Firearms used to be genuine works of art. Today they look more like you crashed into a hardware store and everything stuck. Pikatiny everywhere. Lasers, lights, vertical grips, more rail real estate than barrel length. But it wasn’t always this way. Today, the story of how the mall ninja rifle took over firearms.
The pre-war era of military rifles was frankly the golden age of craftsmanship. Take the Leenfield. It’s smooth. That wood stock, deep blue steel, careful finishing throughout. Pick one up today and you still feel that quality. The wood develops character with age. The steel takes on a patina and the whole thing just looks right.
Across the pond, the Americans had the 1903 Springfield, which was equally beautiful in its own way. The German Mouser is engineering perfection. Balanced proportions, quality materials, finished surfaces, nothing sticking out unnecessarily. Every part of these rifles was designed as part of the rifle. Nothing was getting bolted on as an afterthought.
But during World War II, everything started to change. The Thompson submachine gun started life as a beautiful thing. Walnut furniture, that gorgeous deep blueing, and of course, that iconic front pistol grip. But war doesn’t care about beauty. And as production had to ramp up, the Thompson kind of had to ramp down.
The M1 and M1 A1 versions lost so many features, including the finned barrel, cooling ribs, the elegant compensator on the front, and the bush lock inside. They were simpler, cheaper, lighter to carry, faster, and cheaper to build. But despite all the simplification, the Thompson never lost its character. It still looked like a Thompson and still looked really good.
But then the Americans went further with the M3 grease gun. purely functional, looking exactly like the workshop tool it was nicknamed after. Crude, simple, undeniably ugly to most eyes. And the British, the Sten gun, stamped tubes, loads of barely groundoff welds, a sideways sticking magazine.
But even at their ugliest, these wartime guns had a clean, simple line to them. They were ugly by simplicity, not by bolting things on as an afterthought. The Sten and the Grease gun were ugly, sure, but they were honest ugly. There’s an integrity to the functionality of their design. After World War II, the Cold War era began. With World War II urgency over, quality could once again start to prevail over quantity.
And with the West and Eastern block locked in a cold, ideological war, aesthetics became an important part of each country’s show of power. There was the FN FAL and British EM2 coming out with that distinctive wooden furniture and gorgeous blue metal. Then HK brought out the G3 and things really took a step into the modern.
Smooth lines, integrated furniture, that distinctive cocking handle out front. Then came the MP5, arguably one of the most aesthetically pleasing firearms ever made. We covered the MP5 in detail in another video. You can check it out here. But I think it’s fair to say the visual appeal of the MP5 is a huge part of why it’s become such a cultural icon.

Austria gave us the sty in 1977. Still futuristic looking even today. A smooth polymer body, integrated one and a half time optic as standard, the optic was part of the rifle with mounts sculpted to complement the lines of the whole package. Britain gave us the SA80. Aggressive looking but well proportioned.

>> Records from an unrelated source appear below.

lemma new_blocks_meet_old:
  assumes "X \<in> new_blocks" "D \<in> W - {B1, C2, C3}"
  shows "card (X \<inter> D) \<le> 1"
proof -
  have D: "D \<in> W" "D \<notin> {B1, C2, C3}" "p \<notin> D" "q \<notin> D"
    using assms(2) pq(4) by auto
  have shrunk: "card (insert p (Y - {r}) \<inter> D) \<le> 1" if "Y \<in> {B1, C2, C3}" for Y r
  proof -
    have "Y \<in> W" "Y \<noteq> D"
      using that D(2) old_blocks(1) by auto
    then have "card (Y \<inter> D) \<le> 1" "finite (Y \<inter> D)"
      using packing_meet[OF packing _ D(1)] finite_packing_block[OF packing] by auto
    moreover have "insert p (Y - {r}) \<inter> D \<subseteq> Y \<inter> D"
      using D(3) by blast
    ultimately show ?thesis
      using card_mono[of "Y \<inter> D" "insert p (Y - {r}) \<inter> D"] by linarith
  qed
  have "\<not> (r1 \<in> D \<and> r2 \<in> D)" "\<not> (r2 \<in> D \<and> r3 \<in> D)" "\<not> (r1 \<in> D \<and> r3 \<in> D)"
    using packing_block_eqI[OF packing D(1) B1(1) r12] B1(2,3)
      packing_block_eqI[OF packing D(1) C2(1) off_triangle(4)[symmetric]] C2(2,3)
      packing_block_eqI[OF packing D(1) C3(1) off_triangle(3)[symmetric]] C3(2,3) D(2) by blast+
  then have "card ({q, r1, r2, r3} \<inter> D) \<le> 1"
    by (intro card_le_1I) (use D(4) in auto)
  moreover have "card (insert p (B1 - {r1}) \<inter> D) \<le> 1" "card (insert p (C2 - {r2}) \<inter> D) \<le> 1"
    "card (insert p (C3 - {r3}) \<inter> D) \<le> 1"
    by (rule shrunk; simp)+
  ultimately show ?thesis
    using assms(1) unfolding new_blocks_def by blast
qed

lemma exchange: "\<exists>G. packing n G \<and> card G = Suc (card W)"
proof -
  have "new_blocks \<inter> W = {}"
    using pq(4) by (auto simp: new_blocks_def)
  then have G: "packing n (W - {B1, C2, C3} \<union> new_blocks)"
    "card (W - {B1, C2, C3} \<union> new_blocks) = card W - 3 + 4"
    using packing_exchange[OF packing old_blocks(1) new_blocks(1) _ new_blocks_meet_old]
      old_blocks(2) new_blocks(2) by simp_all
  have "3 \<le> card W"
    using card_mono[OF finite_packing[OF packing] old_blocks(1)] old_blocks(2) by simp
  with G show ?thesis
    by (intro exI[of _ "W - {B1, C2, C3} \<union> new_blocks"]) simp
qed

end

lemma packing_extend_avoiding_pair:
  assumes W: "packing n W" and pq: "p < n" "q < n" "p \<noteq> q" "\<forall>w\<in>W. p \<notin> w \<and> q \<notin> w"
    and n: "4 \<le> n" "n \<noteq> 6"
  shows "\<exists>G. packing n G \<and> card G = Suc (card W)"
proof -
  define V where "V = {..<n} - {p, q}"
  have V: "finite V" "card V = n - 2"
    using pq by (simp_all add: V_def card_Diff_subset)
  show ?thesis
  proof (cases "\<exists>x\<in>V. \<exists>y\<in>V. x \<noteq> y \<and> (\<forall>w\<in>W. \<not> (x \<in> w \<and> y \<in> w))")
    case True
    then obtain x y where xy: "x \<in> V" "y \<in> V" "x \<noteq> y" "\<forall>w\<in>W. \<not> (x \<in> w \<and> y \<in> w)"
      by blast
    have "card ({p, q, x, y} \<inter> w) \<le> 1" if "w \<in> W" for w
      by (rule card_le_1I) (use that xy(4) pq(4) in auto)
    moreover have "{p, q, x, y} \<subseteq> {..<n}" "card {p, q, x, y} = 4"
      using xy(1-3) pq(1-3) by (auto simp: V_def)
    ultimately show ?thesis
      using packing_insert[OF W] by blast
  next
    case False
    then have cover: "\<exists>w\<in>W. x \<in> w \<and> y \<in> w" if "x \<in> V" "y \<in> V" "x \<noteq> y" for x y
      using that by blast
    have "\<not> card V \<le> 1"
      using V(2) n(1) by simp
    then obtain r1 r2 where r: "r1 \<in> V" "r2 \<in> V" "r1 \<noteq> r2"
      using card_le_Suc0_iff_eq[OF V(1)] by auto
    then obtain B1 where B1: "B1 \<in> W" "r1 \<in> B1" "r2 \<in> B1"
      using cover by blast
    have "B1 \<subseteq> V" "card B1 = 4"
      using packing_block[OF W B1(1)] pq(4) B1(1) by (auto simp: V_def)
    moreover have "B1 \<noteq> V"
      using calculation(2) V(2) n by auto
    ultimately obtain r3 where r3: "r3 \<in> V" "r3 \<notin> B1"
      by blast
    then obtain C2 C3 where "C2 \<in> W" "r2 \<in> C2" "r3 \<in> C2" "C3 \<in> W" "r1 \<in> C3" "r3 \<in> C3"
      using cover r B1 by metis
    then have "packing_triangle n W p q r1 r2 r3 B1 C2 C3"
      using W pq r(3) B1 r3(2) by unfold_locales auto
    then show ?thesis
      by (rule packing_triangle.exchange)
  qed
qed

It’s got many faults, but its looks aren’t one of them. We all know the S80’s problems. You can check them out here in my S80 video, but visually there are no problems at all. The design is so well balanced that even a small change, like the original Cadet GP’s ditching the flash hider, somehow that small change is enough to throw the rifle’s visual balance right off.
It looks right with its original carry handle, iron sight, and it looks great with the original SUSAP. both designed from the beginning to go on the rifle. And of course, there’s the original M16 and M16 A1 with that triangular handguard that just looks oh so good. Then there’s the Soviet side, the Kalashnikov Dynasty.
The AK-47, AKM, AK74, RPK, and even the Dragunov SVD, all sharing that same distinctive Soviet aesthetic. That super recognizable, gorgeous wood furniture, blued or phosphate finished steel. That curved magazine, gas tube above the barrel, angled muzzle device. From the AK to the Dragunoff, the Soviet design language is unmistakable. This was the high point.
From here, visually things start to go downhill fast. Through the 80s and ’90s, more and more attachments started appearing on military rifles. We got optics on rifles that were previously intended only for irons, huge magite torches, the M203 grenade launcher hanging under barrels, and much more. But back then, most of this was limited still just to special forces.
Regular troops kept relatively clean rifles. And even with attachments, the base rifle would remain intact, still looking good. The Soviets held out longer than anyone with the AK family keeping its clean aesthetic well into the ’90s. And as I say, most of this was limited to special forces.
But what the special forces have today, the regular troops are going to get tomorrow. And tomorrow was looking pretty ugly. Back in the 80s, Britain adopted the Accuracy International L96, the green meanie, to replace the Leenfield derived L42A1. Gone was the walnut stock, blue steilled beauty of traditional sniper rifles. In came hollow polymer, and lots of adjustability.
The L96 was the first true modern sniper rifle platform, putting a priority on modularity when it came to sniper rifles, and this is where things really started to change. Then in ’92, the US Special Operations Command launched the Special Operations Peculiar Modifications Program, or SOPMOD to make it far less of a mouthful.
The first kit block one fielded in 97 took the M4 A1 carbine and turned it into a modular weapon system. The centerpiece of the whole SOP mod idea was the Knights Armament rail interface system or RAZ. Suddenly, instead of a smooth round handguard, you had four sides of Pikatin rail, four sides of mounting space. Real estate became far more important than aesthetics.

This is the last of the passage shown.